Inotiv, a pharmaceutical firm, was hit with a ransomware attack. The organization became aware of the incident on August 8, 2025, and filed a report with the SEC on August 18, 2025.
According to the filing, the organization has experienced disruptions to business operations as a result of this event, and it anticipates more disruptions to come. As of now, certain networks and systems remain inaccessible.
“This ransomware attack on Inotiv is a stark reminder of how devastating disruptions can be to organizations deeply embedded in critical research and development,” says Ensar Seker, CISO SOCRadar. “A contract research organization like Inotiv supports pharmaceutical innovation with high volumes of sensitive data, so it’s no surprise the Qilin gang targeted them. Encrypting key internal systems and exfiltrating 176 GB of proprietary research data puts both operational continuity and intellectual property at grave risk, and the switch to offline workarounds underscores the severity of the disruption.”
An investigation done by the company has revealed that the malicious actors accessed and encrypted certain systems. Currently, the organization has worked to contain, examine, and remediate the incident, including engaging law enforcement and external cybersecurity specialists.
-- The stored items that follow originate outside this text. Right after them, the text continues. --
definition all_vanish :: "complex \<Rightarrow> bool" where
  "all_vanish \<eta> \<longleftrightarrow> f1 \<eta> = 0 \<and> f2 \<eta> = 0 \<and> f1 (cnj \<eta>) = 0 \<and> f2 (cnj \<eta>) = 0"

text \<open>The paper's omega: its second branch is the first one taken at cnj eta, which has the
  same sphere.\<close>
definition isolated_root :: "complex \<Rightarrow> quat" where
  "isolated_root \<eta> = (if (cmod (f1 \<eta>))\<^sup>2 + (cmod (f2 \<eta>))\<^sup>2 \<noteq> 0
     then sphere_root (f1 \<eta>) (f2 \<eta>) \<eta> else sphere_root (f1 (cnj \<eta>)) (f2 (cnj \<eta>)) (cnj \<eta>))"

lemma affine_at_qI: "A z + B z * qI = quat_of_complex (f1 z) + quat_of_complex (f2 (cnj z)) * qJ"
  using P_slice_embed[of qI z] P_quat_of_complex[of z] by (simp add: slice_embed_qI quat_eq_iff)

lemma affine_at_minus_qI:
  "A z - B z * qI = quat_of_complex (f1 (cnj z)) + quat_of_complex (f2 z) * qJ"
  using P_slice_embed[of "- qI" z] P_quat_of_complex[of "cnj z"]
  by (simp add: slice_embed_minus_qI quat_eq_iff)

lemma disc_cnj: "disc (cnj \<eta>) = cnj (disc \<eta>)"
  by (simp add: disc_def mult.commute)

lemma real_root_iff:
  assumes "Im \<xi> = 0"
  shows "P (quat_of_complex \<xi>) = 0 \<longleftrightarrow> disc \<xi> = 0"
proof -
  have "cnj \<xi> = \<xi>" using assms by (simp add: complex_eq_iff)
  then have "disc \<xi> = complex_of_real ((cmod (f1 \<xi>))\<^sup>2 + (cmod (f2 \<xi>))\<^sup>2)"
    by (simp only: disc_def complex_norm_square of_real_add)
  then have "disc \<xi> = 0 \<longleftrightarrow> f1 \<xi> = 0 \<and> f2 \<xi> = 0"
    by (smt (verit) norm_eq_zero of_real_eq_0_iff zero_le_power2 power2_less_eq_zero_iff)
  then show ?thesis
    using P_quat_of_complex[of \<xi>] \<open>cnj \<xi> = \<xi>\<close> quat_of_complex_plus_qJ_eq_0_iff by simp
qed

lemma sphere_point_value:
  assumes "Im \<eta> \<noteq> 0" "y \<in> quat_sphere \<eta>"
  obtains u where "u * u = - 1" "y = slice_embed u \<eta>" "P y = A \<eta> + B \<eta> * u"
  using quat_sphere_slice_embed[OF assms] P_slice_embed by metis

lemma sphere_root_imp_disc:
  assumes "Im \<eta> \<noteq> 0" "y \<in> quat_sphere \<eta>" "P y = 0"
  shows "disc \<eta> = 0"
proof -
  obtain u where "u * u = - 1" "P y = A \<eta> + B \<eta> * u"
    using sphere_point_value[OF assms(1,2)] by blast
  then show ?thesis using assms(3)
    using unit_root_imp_orthogonal[OF affine_at_qI affine_at_minus_qI] by (simp add: disc_def)
qed

lemma all_vanish_iff_affine_zero: "all_vanish \<eta> \<longleftrightarrow> A \<eta> = 0 \<and> B \<eta> = 0"
proof
  assume "all_vanish \<eta>"
  then have "A \<eta> + B \<eta> * qI = 0" "A \<eta> - B \<eta> * qI = 0"
    using affine_at_qI affine_at_minus_qI by (simp_all add: all_vanish_def quat_of_complex_zero)
  then show "A \<eta> = 0 \<and> B \<eta> = 0" by (simp add: quat_eq_iff)
next
  assume "A \<eta> = 0 \<and> B \<eta> = 0"
  then show "all_vanish \<eta>"
    using affine_at_qI[of \<eta>] affine_at_minus_qI[of \<eta>]
    by (simp add: all_vanish_def quat_of_complex_plus_qJ_eq_0_iff)
qed

lemma sphere_root_if_all_vanish:
  assumes "Im \<eta> \<noteq> 0" "all_vanish \<eta>" "y \<in> quat_sphere \<eta>"
  shows "P y = 0"
proof -
  obtain u where "P y = A \<eta> + B \<eta> * u" using sphere_point_value[OF assms(1,3)] by blast
  then show ?thesis using assms(2) all_vanish_iff_affine_zero by simp
qed

lemma sphere_nonroot_if_not_all_vanish:
  assumes "\<not> all_vanish \<eta>"
  shows "\<exists>y\<in>quat_sphere \<eta>. P y \<noteq> 0"
proof -
  have "P (quat_of_complex \<eta>) \<noteq> 0 \<or> P (quat_of_complex (cnj \<eta>)) \<noteq> 0"
    using assms P_quat_of_complex quat_of_complex_plus_qJ_eq_0_iff by (auto simp: all_vanish_def)
  then show ?thesis
    using quat_of_complex_in_quat_sphere[of \<eta>] quat_of_complex_in_quat_sphere[of "cnj \<eta>"]
    by (auto simp: quat_sphere_cnj)
qed

lemma sphere_root_unique:
  assumes "Im \<eta> \<noteq> 0" "\<not> all_vanish \<eta>"
    and "y \<in> quat_sphere \<eta>" "P y = 0" "y' \<in> quat_sphere \<eta>" "P y' = 0"
  shows "y = y'"
proof -
  obtain u where u: "y = slice_embed u \<eta>" "P y = A \<eta> + B \<eta> * u"
    using sphere_point_value[OF assms(1,3)] by blast
  obtain u' where u': "y' = slice_embed u' \<eta>" "P y' = A \<eta> + B \<eta> * u'"
    using sphere_point_value[OF assms(1,5)] by blast
  have "B \<eta> \<noteq> 0"
  proof
    assume "B \<eta> = 0"
    moreover from this have "A \<eta> = 0" using u(2) assms(4) by simp
    ultimately show False using assms(2) all_vanish_iff_affine_zero by blast
  qed
  moreover have "A \<eta> + B \<eta> * u = A \<eta> + B \<eta> * u'" using u(2) u'(2) assms(4,6) by simp
  then have "B \<eta> * (u - u') = 0" by (simp add: right_diff_distrib)
  ultimately have "u = u'" by (simp add: quat_mult_eq_0_iff)
  then show ?thesis using u(1) u'(1) by simp
qed

lemma sphere_root_is_root:
  assumes "disc \<eta> = 0" "(cmod (f1 \<eta>))\<^sup>2 + (cmod (f2 \<eta>))\<^sup>2 \<noteq> 0"
  shows "sphere_root (f1 \<eta>) (f2 \<eta>) \<eta> \<in> quat_sphere \<eta> \<and> P (sphere_root (f1 \<eta>) (f2 \<eta>) \<eta>) = 0"
proof -
  note unit = zero_direction_square[OF assms(2)]
  have "A \<eta> + B \<eta> * zero_direction (f1 \<eta>) (f2 \<eta>) = 0"
    using unit_root_if_orthogonal[OF affine_at_qI affine_at_minus_qI] assms by (simp add: disc_def)
  then show ?thesis
    using P_slice_embed[OF unit] slice_embed_in_quat_sphere[OF unit] sphere_root_eq_slice_embed[OF assms(2)]
    by simp
qed

lemma isolated_root_is_root:
  assumes "disc \<eta> = 0" "\<not> all_vanish \<eta>"
  shows "isolated_root \<eta> \<in> quat_sphere \<eta> \<and> P (isolated_root \<eta>) = 0"
proof (cases "(cmod (f1 \<eta>))\<^sup>2 + (cmod (f2 \<eta>))\<^sup>2 = 0")
  case True
  then have "(cmod (f1 (cnj \<eta>)))\<^sup>2 + (cmod (f2 (cnj \<eta>)))\<^sup>2 \<noteq> 0"
    using assms(2) unfolding all_vanish_def
    by (smt (verit) norm_eq_zero zero_le_power2 power2_less_eq_zero_iff)
  moreover have "disc (cnj \<eta>) = 0" using assms(1) by (simp add: disc_cnj)
  ultimately show ?thesis
    using True sphere_root_is_root[of "cnj \<eta>"] quat_sphere_cnj unfolding isolated_root_def by simp
next
  case False
  then show ?thesis using sphere_root_is_root[OF assms(1)] unfolding isolated_root_def by simp
qed

end

locale slice_affine_roots = slice_affine_function +
  fixes E :: "complex set"
  assumes E_subset: "E \<subseteq> {\<eta>. disc \<eta> = 0 \<and> Im \<eta> \<noteq> 0}"
    and E_representative: "disc \<eta> = 0 \<Longrightarrow> Im \<eta> \<noteq> 0 \<Longrightarrow> \<eta> \<in> E \<longleftrightarrow> cnj \<eta> \<notin> E"
begin

definition real_roots :: "complex set" where
  "real_roots = {\<xi>. disc \<xi> = 0 \<and> Im \<xi> = 0}"

definition spherical_reps :: "complex set" where
  "spherical_reps = {\<eta> \<in> E. all_vanish \<eta>}"

definition isolated_reps :: "complex set" where
  "isolated_reps = E - spherical_reps"

lemma E_memberD: "\<eta> \<in> E \<Longrightarrow> disc \<eta> = 0 \<and> Im \<eta> \<noteq> 0"
  using E_subset by blast

lemma E_unique:
  assumes "\<eta> \<in> E" "\<eta>' \<in> E" "y \<in> quat_sphere \<eta>" "y \<in> quat_sphere \<eta>'"
  shows "\<eta>' = \<eta>"
  using quat_sphere_common_point[OF assms(3,4)] assms(1,2) E_memberD E_representative by blast

lemma nonreal_root_in_E_sphere:
  assumes "P x = 0" "\<not> quat_is_real x"
  obtains \<eta> where "\<eta> \<in> E" "x \<in> quat_sphere \<eta>"
proof -
  define \<eta> where "\<eta> = Complex (qre x) (sqrt (quat_im_normsq x))"
  have "quat_im_normsq x > 0"
    using assms(2) quat_is_real_iff_im_normsq unfolding quat_im_normsq_def
    by (metis add_nonneg_nonneg zero_le_power2 order_le_less)
  then have im: "Im \<eta> \<noteq> 0" and x: "x \<in> quat_sphere \<eta>" by (simp_all add: \<eta>_def quat_sphere_def)
  then have "disc \<eta> = 0" using sphere_root_imp_disc assms(1) by blast
  then have "\<eta> \<in> E \<or> cnj \<eta> \<in> E" using E_representative im by blast
  then show thesis using that x quat_sphere_cnj by metis
qed

lemma isolated_reps_root:
  assumes "\<eta> \<in> isolated_reps"
  shows "isolated_root \<eta> \<in> quat_sphere \<eta>" "P (isolated_root \<eta>) = 0"
    and "y \<in> quat_sphere \<eta> \<Longrightarrow> P y = 0 \<Longrightarrow> y = isolated_root \<eta>"
proof -
  have \<eta>: "disc \<eta> = 0" "Im \<eta> \<noteq> 0" "\<not> all_vanish \<eta>"
    using assms E_memberD unfolding isolated_reps_def spherical_reps_def by auto
  show "isolated_root \<eta> \<in> quat_sphere \<eta>" "P (isolated_root \<eta>) = 0"
    using isolated_root_is_root[OF \<eta>(1,3)] by auto
  then show "y \<in> quat_sphere \<eta> \<Longrightarrow> P y = 0 \<Longrightarrow> y = isolated_root \<eta>"
    using sphere_root_unique[OF \<eta>(2,3)] by blast
qed

lemma spherical_zero_iff: "spherical_zero P x \<longleftrightarrow> (\<exists>\<eta>\<in>spherical_reps. x \<in> quat_sphere \<eta>)"
proof
  assume x: "spherical_zero P x"
  then obtain \<eta> where \<eta>: "\<eta> \<in> E" "x \<in> quat_sphere \<eta>"
    using nonreal_root_in_E_sphere unfolding spherical_zero_def by blast
  then have "\<forall>y\<in>quat_sphere \<eta>. P y = 0"
    using x E_memberD conj_class_eq_quat_sphere unfolding spherical_zero_def by blast
  then have "all_vanish \<eta>" using sphere_nonroot_if_not_all_vanish by blast
  then show "\<exists>\<eta>\<in>spherical_reps. x \<in> quat_sphere \<eta>" using \<eta> spherical_reps_def by blast
next
  assume "\<exists>\<eta>\<in>spherical_reps. x \<in> quat_sphere \<eta>"
  then obtain \<eta> where "\<eta> \<in> E" "all_vanish \<eta>" "x \<in> quat_sphere \<eta>"
    unfolding spherical_reps_def by blast
  then show "spherical_zero P x"
    using E_memberD sphere_root_if_all_vanish conj_class_eq_quat_sphere quat_sphere_not_real
    unfolding spherical_zero_def by metis
qed

lemma real_root_set: "{x. P x = 0 \<and> quat_is_real x} = quat_of_complex ` real_roots"
proof -
  have "x \<in> quat_of_complex ` real_roots \<longleftrightarrow> P x = 0" if "quat_is_real x" for x
  proof -
    define \<xi> where "\<xi> = complex_of_real (qre x)"
    have x: "x = quat_of_complex \<xi>" using that by (simp add: \<xi>_def quat_eq_iff quat_is_real_def)
    have "x \<in> quat_of_complex ` real_roots \<longleftrightarrow> \<xi> \<in> real_roots"
      using x by (simp add: inj_image_mem_iff[OF inj_quat_of_complex])
    also have "\<dots> \<longleftrightarrow> P x = 0"
      using real_root_iff[of \<xi>] unfolding x by (simp add: real_roots_def \<xi>_def)
    finally show ?thesis .
  qed
  moreover have "quat_is_real x" if "x \<in> quat_of_complex ` real_roots" for x
    using that by (auto simp: real_roots_def quat_is_real_def)
  ultimately show ?thesis by blast
qed
theorem theorem2:
  fixes K :: "nat \<Rightarrow> 'a monoid" and L :: "'b monoid"
    and G :: "(nat \<Rightarrow> 'a) monoid" and H :: "('b \<times> (nat \<Rightarrow> 'a)) monoid"
  assumes K_fp: "\<And>n. finitely_presented (K n)"
    and K_all: "\<And>Q :: fword set monoid. finitely_presented Q \<Longrightarrow> \<exists>n. is_iso Q (K n)"
    and K_distinct: "\<And>m n. is_iso (K m) (K n) \<Longrightarrow> m = n"
    and G_def: "G = sum_group UNIV K"
    and L_simple: "simple L"
    and L_2gen: "two_generated L"
    and L_triv: "\<And>\<phi>. \<phi> \<in> hom L G \<Longrightarrow> \<forall>x \<in> carrier L. \<phi> x = \<one>\<^bsub>G\<^esub>"
    and H_def: "H = L \<times>\<times> G"
  shows "radical G L = carrier L \<and> radical H L = {\<one>\<^bsub>L\<^esub>}
         \<and> \<not> geom_equiv G H \<and> same_quasiidentities G H"
proof -
  have L: "group L" and K: "\<And>n. group (K n)"
    using L_simple K_fp by (simp_all add: simple_def finitely_presented_def)
  then have G: "group G" and H: "group H"
    by (simp_all add: G_def H_def DirProd_group)
  have radical_G: "radical G L = carrier L"
    using radical_eq_carrier[OF G L_triv] .
  moreover have radical_H: "radical H L = {\<one>\<^bsub>L\<^esub>}"
    using radical_eq_one_if_mon[OF L H] inl_mon_DirProd[OF L G] by (simp add: H_def)
  moreover have "\<not> geom_equiv G H"
    using two_generated_radical_eq_if_geom_equiv[OF _ G H L L_2gen] radical_G radical_H L_simple
    by (auto simp: simple_def)
  moreover have "same_quasiidentities G H"
    unfolding H_def
  proof (rule same_quasiidentities_DirProd[OF L G])
    fix k and R :: "fword set"
    assume "finite R" "R \<subseteq> carrier (free_group k)"
    then obtain n where "presented_group k R \<cong> K n"
      using K_all finitely_presented_presented_group by blast
    then show "\<exists>\<psi>. \<psi> \<in> mon (presented_group k R) G"
      unfolding G_def using K by (intro mon_sum_group_if_iso) auto
  qed
  ultimately show ?thesis by blast
qed

end
(* For any $a,b\in S_Z$, the vertices $a$ and $b$ are not adjacent in $\Gamma$.
   Context: All graphs are finite and simple. A graph $G$ is a minimal prime graph complement if $G$ has at least $2$ vertices and: (1) the complement $\overline{G}$ is connected; (2) $G$ is triangle-free; (3) $G$ is $3$-colorable; (4) for any two distinct nonadjacent vertices $u,v$ of $G$, adding the edge $uv$ to $G$ yields a graph that either contains a triangle or is not $3$-colorable. Standing setup: $\Gamma$ is a minimal prime graph complement with a vertex $X$ of degree $2$, whose two neighbors are $A$ and $B$. Among the vertices of $\Gamma$ other than $X,A,B$: $S_A$ is the set of those adjacent to $A$ but not $B$; $S_B$ the set of those adjacent to $B$ but not $A$; $S_Y$ the set of those adjacent to both $A$ and $B$; $S_Z$ the set of those adjacent to neither $A$ nor $B$. *)

theory Defs
  imports Main
begin

definition simple_graph :: "'a set \<Rightarrow> ('a \<Rightarrow> 'a \<Rightarrow> bool) \<Rightarrow> bool" where
  "simple_graph V E \<longleftrightarrow> finite V \<and> (\<forall>u v. E u v \<longrightarrow> u \<in> V \<and> v \<in> V)
     \<and> (\<forall>u v. E u v \<longrightarrow> E v u) \<and> (\<forall>v. \<not> E v v)"

definition compl_edge :: "'a set \<Rightarrow> ('a \<Rightarrow> 'a \<Rightarrow> bool) \<Rightarrow> 'a \<Rightarrow> 'a \<Rightarrow> bool" where
  "compl_edge V E u v \<longleftrightarrow> u \<in> V \<and> v \<in> V \<and> u \<noteq> v \<and> \<not> E u v"

definition connected_graph :: "'a set \<Rightarrow> ('a \<Rightarrow> 'a \<Rightarrow> bool) \<Rightarrow> bool" where
  "connected_graph V E \<longleftrightarrow> V \<noteq> {} \<and> (\<forall>u\<in>V. \<forall>v\<in>V. E\<^sup>*\<^sup>* u v)"

definition triangle_free :: "('a \<Rightarrow> 'a \<Rightarrow> bool) \<Rightarrow> bool" where
  "triangle_free E \<longleftrightarrow> \<not> (\<exists>x y z. E x y \<and> E y z \<and> E x z)"

definition colorable :: "'a set \<Rightarrow> ('a \<Rightarrow> 'a \<Rightarrow> bool) \<Rightarrow> nat \<Rightarrow> bool" where
  "colorable V E k \<longleftrightarrow> (\<exists>c :: 'a \<Rightarrow> nat. (\<forall>v\<in>V. c v < k) \<and> (\<forall>u v. E u v \<longrightarrow> c u \<noteq> c v))"

definition add_edge :: "('a \<Rightarrow> 'a \<Rightarrow> bool) \<Rightarrow> 'a \<Rightarrow> 'a \<Rightarrow> 'a \<Rightarrow> 'a \<Rightarrow> bool" where
  "add_edge E u v = (\<lambda>x y. E x y \<or> (x = u \<and> y = v) \<or> (x = v \<and> y = u))"

definition minimal_prime_graph_complement :: "'a set \<Rightarrow> ('a \<Rightarrow> 'a \<Rightarrow> bool) \<Rightarrow> bool" where
  "minimal_prime_graph_complement V E \<longleftrightarrow>
     simple_graph V E \<and> card V \<ge> 2
     \<and> connected_graph V (compl_edge V E)
     \<and> triangle_free E
     \<and> colorable V E 3
     \<and> (\<forall>u\<in>V. \<forall>v\<in>V. u \<noteq> v \<and> \<not> E u v \<longrightarrow>
          \<not> triangle_free (add_edge E u v) \<or> \<not> colorable V (add_edge E u v) 3)"

definition S_Z :: "'a set \<Rightarrow> ('a \<Rightarrow> 'a \<Rightarrow> bool) \<Rightarrow> 'a \<Rightarrow> 'a \<Rightarrow> 'a \<Rightarrow> 'a set" where
  "S_Z V E X A B = {v \<in> V - {X, A, B}. \<not> E v A \<and> \<not> E v B}"

end

theory Submission
  imports Defs
begin

text \<open>If two nonadjacent vertices without a common neighbour had different colours in a
  proper 3-colouring, joining them would give a triangle-free 3-colourable supergraph, contradicting
  minimality. The only neighbours A, B of X are adjacent to no vertex of S_Z, so every vertex of
  S_Z has the colour of X in any 3-colouring, and two adjacent ones would clash.\<close>

lemma triangle_free_add_edge:
  assumes "simple_graph V E" and "triangle_free E" and "u \<noteq> v"
    and no_common: "\<And>w. \<not> (E u w \<and> E v w)"
  shows "triangle_free (add_edge E u v)"
proof -
  have sym: "\<And>x y. E x y \<Longrightarrow> E y x" and irr: "\<And>x. \<not> E x x"
    using assms(1) unfolding simple_graph_def by blast+
  have tf: "\<not> (\<exists>x y z. E x y \<and> E y z \<and> E x z)"
    using assms(2) unfolding triangle_free_def .
  show ?thesis
    unfolding triangle_free_def add_edge_def
    by (intro notI, elim exE conjE disjE)
      (use tf irr no_common \<open>u \<noteq> v\<close> in \<open>blast dest: sym\<close>)+
qed

lemma colorable_add_edge:
  fixes c :: "'a \<Rightarrow> nat"
  assumes "\<forall>x\<in>V. c x < k" and "\<forall>x y. E x y \<longrightarrow> c x \<noteq> c y" and "c u \<noteq> c v"
  shows "colorable V (add_edge E u v) k"
  unfolding colorable_def add_edge_def
  by (rule exI[of _ c]) (use assms in auto)

lemma minimal_prime_graph_complement_same_color:
  fixes c :: "'a \<Rightarrow> nat"
  assumes mp: "minimal_prime_graph_complement V E"
    and "u \<in> V" "v \<in> V" "u \<noteq> v" "\<not> E u v"
    and no_common: "\<And>w. \<not> (E u w \<and> E v w)"
    and c: "\<forall>x\<in>V. c x < 3" "\<forall>x y. E x y \<longrightarrow> c x \<noteq> c y"
  shows "c u = c v"
proof (rule ccontr)
  assume "c u \<noteq> c v"
  have "simple_graph V E" and "triangle_free E"
    using mp unfolding minimal_prime_graph_complement_def by blast+
  from \<open>c u \<noteq> c v\<close> have "colorable V (add_edge E u v) 3"
    by (rule colorable_add_edge[OF c])
  moreover have "triangle_free (add_edge E u v)"
    using \<open>simple_graph V E\<close> \<open>triangle_free E\<close> \<open>u \<noteq> v\<close> no_common
    by (rule triangle_free_add_edge)
  moreover have "\<not> triangle_free (add_edge E u v) \<or> \<not> colorable V (add_edge E u v) 3"
    using mp assms(2-5) unfolding minimal_prime_graph_complement_def by blast
  ultimately show False
    by blast
qed

theorem lemma7:
  fixes V :: "'a set" and E :: "'a \<Rightarrow> 'a \<Rightarrow> bool" and X A B a b :: 'a
  assumes "minimal_prime_graph_complement V E"
    and "X \<in> V"
    and "A \<noteq> B"
    and "{y \<in> V. E X y} = {A, B}"
    and "a \<in> S_Z V E X A B" and "b \<in> S_Z V E X A B"
  shows "\<not> E a b"
proof
  assume ab: "E a b"
  have sym: "\<And>x y. E x y \<Longrightarrow> E y x" and inV: "\<And>x y. E x y \<Longrightarrow> x \<in> V"
    using assms(1) unfolding minimal_prime_graph_complement_def simple_graph_def by blast+
  obtain c :: "'a \<Rightarrow> nat" where c: "\<forall>v\<in>V. c v < 3" "\<forall>u v. E u v \<longrightarrow> c u \<noteq> c v"
    using assms(1) unfolding minimal_prime_graph_complement_def colorable_def by blast
  have X_nbrs: "\<And>y. E X y \<Longrightarrow> y = A \<or> y = B"
    using assms(4) sym inV by blast
  have same_color_as_X: "c s = c X" if "s \<in> S_Z V E X A B" for s
  proof (rule minimal_prime_graph_complement_same_color[OF assms(1) _ assms(2) _ _ _ c])
    show "s \<in> V" "s \<noteq> X"
      using that unfolding S_Z_def by auto
    have "\<not> E s A" "\<not> E s B" "s \<noteq> A" "s \<noteq> B"
      using that unfolding S_Z_def by auto
    then show "\<not> E s X" and "\<And>w. \<not> (E s w \<and> E X w)"
      using X_nbrs sym by blast+
  qed
  have "c a = c b"
    using same_color_as_X assms(5,6) by simp
  then show False
    using c(2) ab by blast
qed

end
“Organizations across sectors should heed this as a cautionary tale. It highlights the importance of robust incident response planning, including standby offline capabilities, and stringent controls over who can access sensitive systems. In environments handling valuable research or regulated data, defenses must extend beyond detection. They must include rapid containment, strong backup strategies, and threat intelligence sharing that can anticipate when adversaries are likely to strike.”